Mendelow A D, Teasdale G, Jennett B, Bryden J, Hessett C, Murray G
Br Med J (Clin Res Ed). 1983 Oct 22;287(6400):1173-6. doi: 10.1136/bmj.287.6400.1173.
A study was conducted to estimate the risk that an adult (age 15 or over) will develop a surgically significant intracranial haematoma after a head injury. Two simple features were used that can be recognised by clinicians with minimal training: a skull fracture and the conscious level. The risks were calculated from samples of 545 patients with haematomas, 2773 head injured patients in accident and emergency departments, and 2783 head injured patients in primary surgical wards. With radiological evidence of skull fracture and any impairment of consciousness (including disorientation) one patient in four in an accident and emergency department or primary surgical ward will develop a haematoma. With no skull fracture and preserved orientation the risk to a patient in an accident and emergency department is one in 6000. The use of risk levels as a basis for decision making about head injured patients may result in fewer haematomas being detected too late and savings of resources by reducing the admission and investigation of low risk categories of patients.

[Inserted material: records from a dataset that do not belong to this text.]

lemma prod_if_fixed_le:
  fixes \<epsilon> :: real
  assumes "\<sigma> \<noteq> id" "0 \<le> \<epsilon>" "\<epsilon> \<le> 1"
  shows "(\<Prod>i\<in>(UNIV::'n::finite set). if \<sigma> i = i then 1 + \<epsilon> else \<epsilon>) \<le> 2 ^ CARD('n) * \<epsilon>"
proof -
  let ?c = "\<lambda>i. if \<sigma> i = i then 1 + \<epsilon> else \<epsilon>"
  obtain i0 where i0: "\<sigma> i0 \<noteq> i0" using assms(1) by (metis eq_id_iff)
  have "(\<Prod>i\<in>UNIV. ?c i) = ?c i0 * (\<Prod>i\<in>UNIV - {i0}. ?c i)"
    by (simp add: prod.remove)
  also have "\<dots> \<le> \<epsilon> * (\<Prod>i\<in>UNIV - {i0}. 2)"
    using i0 assms(2,3) by (intro mult_mono prod_mono prod_nonneg) auto
  also have "\<dots> \<le> \<epsilon> * 2 ^ CARD('n)"
    using assms(2) by (intro mult_left_mono) (simp_all add: card_Diff_subset power_increasing)
  finally show ?thesis by (simp add: mult.commute)
qed

lemma coeff_dominated_leibniz_factor:
  fixes \<nu> :: "'n::finite \<Rightarrow> complex" and B :: "complex^'n^'n"
  assumes B: "\<And>i j. cmod (B$i$j) \<le> \<epsilon>"
  defines "A \<equiv> diag_mat \<nu> ** (mat 1 + B) ** diag_mat \<nu>"
  shows "coeff_dominated (leibniz_factor A \<sigma> i)
           (if \<sigma> i = i then smult (1 + \<epsilon>) [:cmod (\<nu> i) ^ 2, 1:] else [:\<epsilon> * (cmod (\<nu> i) * cmod (\<nu> (\<sigma> i))):])"
proof -
  have "0 \<le> \<epsilon>" using B by (meson norm_ge_zero order_trans)
  have A: "A$i$j = \<nu> i * ((if i = j then 1 else 0) + B$i$j) * \<nu> j" for j
    by (simp add: A_def diag_mat_mult_mult_nth mat_def)
  show ?thesis
  proof (cases "\<sigma> i = i")
    case True
    have "cmod (A$i$i) = cmod (\<nu> i) ^ 2 * cmod (1 + B$i$i)"
      using A[of i] by (simp add: norm_mult power2_eq_square)
    also have "\<dots> \<le> cmod (\<nu> i) ^ 2 * (1 + \<epsilon>)"
      using B[of i i] norm_triangle_ineq[of 1 "B$i$i"] by (intro mult_left_mono) auto
    finally have "coeff_le [:cmod (- A$i$i), 1:] (smult (1 + \<epsilon>) [:cmod (\<nu> i) ^ 2, 1:])"
      using \<open>0 \<le> \<epsilon>\<close> by (auto simp: coeff_le_def coeff_pCons mult.commute split: nat.split)
    then show ?thesis
      using True coeff_dominated_linear[of "- A$i$i"] by (simp add: leibniz_factor_def coeff_dominated_coeff_le)
  next
    case False
    have "cmod (A$i$\<sigma> i) = cmod (B$i$\<sigma> i) * (cmod (\<nu> i) * cmod (\<nu> (\<sigma> i)))"
      using A[of "\<sigma> i"] False by (simp add: norm_mult)
    also have "\<dots> \<le> \<epsilon> * (cmod (\<nu> i) * cmod (\<nu> (\<sigma> i)))"
      using B by (intro mult_right_mono) auto
    finally have "coeff_le [:cmod (- A$i$\<sigma> i):] [:\<epsilon> * (cmod (\<nu> i) * cmod (\<nu> (\<sigma> i))):]"
      by (simp add: coeff_le_def coeff_pCons split: nat.split)
    then show ?thesis
      using False coeff_dominated_const[of "- A$i$\<sigma> i"] by (simp add: leibniz_factor_def coeff_dominated_coeff_le)
  qed
qed

lemma coeff_dominated_leibniz_term:
  fixes \<nu> :: "'n::finite \<Rightarrow> complex" and B :: "complex^'n^'n"
  assumes B: "\<And>i j. cmod (B$i$j) \<le> \<epsilon>" and "\<epsilon> \<le> 1" and \<sigma>: "\<sigma> permutes UNIV" "\<sigma> \<noteq> id"
  defines "A \<equiv> diag_mat \<nu> ** (mat 1 + B) ** diag_mat \<nu>"
  shows "coeff_dominated (\<Prod>i\<in>UNIV. leibniz_factor A \<sigma> i)
           (smult (2 ^ CARD('n) * \<epsilon>) (poly_of_root_norms (\<lambda>i. \<nu> i ^ 2) UNIV))"
proof -
  define U where "U i = [:cmod (\<nu> i) ^ 2, 1:]" for i
  define c where "c i = (if \<sigma> i = i then 1 + \<epsilon> else \<epsilon>)" for i
  \<comment> \<open>The entry \<open>A$i$\<sigma> i\<close> is charged \<open>w i * w (\<sigma> i)\<close>; as \<open>\<sigma>\<close> permutes the indices, these charges
     multiply to \<open>\<Prod>i. w i ^ 2\<close>, which the linear factors of the majorant absorb.\<close>
  define w where "w i = (if \<sigma> i = i then 1 else cmod (\<nu> i))" for i
  define H where "H i = (if \<sigma> i = i then U i else 1)" for i
  have "0 \<le> \<epsilon>" using B by (meson norm_ge_zero order_trans)
  have factor: "coeff_dominated (leibniz_factor A \<sigma> i) (smult (c i * (w i * w (\<sigma> i))) (H i))" for i
  proof (cases "\<sigma> i = i")
    case False
    then have "\<sigma> (\<sigma> i) \<noteq> \<sigma> i" using permutes_inj[OF \<sigma>(1)] by (metis injD)
    then show ?thesis
      using False coeff_dominated_leibniz_factor[OF B, of \<nu> \<sigma> i]
      by (simp add: A_def c_def w_def H_def smult_one)
  qed (use coeff_dominated_leibniz_factor[OF B, of \<nu> \<sigma> i] in \<open>simp add: A_def c_def w_def H_def U_def\<close>)
  have "(\<Prod>i\<in>UNIV. smult (c i * (w i * w (\<sigma> i))) (H i)) = (\<Prod>i\<in>UNIV. smult (c i) (smult (w i ^ 2) (H i)))"
  proof -
    have "(\<Prod>i\<in>UNIV. w (\<sigma> i)) = (\<Prod>i\<in>UNIV. w i)"
      using prod.permute[OF \<sigma>(1), of w] by (simp add: comp_def)
    then show ?thesis
      by (simp add: prod_smult prod.distrib power2_eq_square)
  qed
  moreover have "coeff_le (\<Prod>i\<in>UNIV. smult (c i) (smult (w i ^ 2) (H i))) (\<Prod>i\<in>UNIV. smult (c i) (U i))"
  proof (rule coeff_le_prod)
    show "coeff_nonneg (smult (c i) (smult (w i ^ 2) (H i)))" for i
      using \<open>0 \<le> \<epsilon>\<close> by (auto simp: coeff_nonneg_def c_def H_def U_def coeff_pCons split: nat.split)
    show "coeff_le (smult (c i) (smult (w i ^ 2) (H i))) (smult (c i) (U i))" for i
      using \<open>0 \<le> \<epsilon>\<close> by (auto simp: coeff_le_def c_def w_def H_def U_def coeff_pCons split: nat.split)
  qed
  moreover have "(\<Prod>i\<in>UNIV. smult (c i) (U i)) = smult (prod c UNIV) (poly_of_root_norms (\<lambda>i. \<nu> i ^ 2) UNIV)"
    unfolding prod_smult by (simp add: U_def poly_of_root_norms_def norm_power)
  moreover have "prod c UNIV \<le> 2 ^ CARD('n) * \<epsilon>"
    unfolding c_def by (rule prod_if_fixed_le[OF \<sigma>(2) \<open>0 \<le> \<epsilon>\<close> \<open>\<epsilon> \<le> 1\<close>])
  ultimately show ?thesis
    using coeff_dominated_prod[of UNIV "leibniz_factor A \<sigma>", OF factor]
    by (metis (no_types, lifting) coeff_dominated_coeff_le coeff_le_smult_left coeff_nonneg_poly_of_root_norms)
qed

一项研究旨在评估成年人(15岁及以上)头部受伤后发生具有手术指征的颅内血肿的风险。研究使用了两个简单的特征,经过最少培训的临床医生即可识别:颅骨骨折和意识水平。风险是根据545例血肿患者、2773例事故和急诊科头部受伤患者以及2783例初级外科病房头部受伤患者的样本计算得出的。有颅骨骨折的放射学证据且有意识障碍(包括定向障碍)的情况下,事故和急诊科或初级外科病房中每四名患者中有一名会发生血肿。没有颅骨骨折且定向正常的情况下,事故和急诊科患者发生血肿的风险为六千分之一。将风险水平作为头部受伤患者决策的依据,可能会减少因发现血肿过晚而导致的情况,并通过减少低风险患者的入院和检查来节省资源。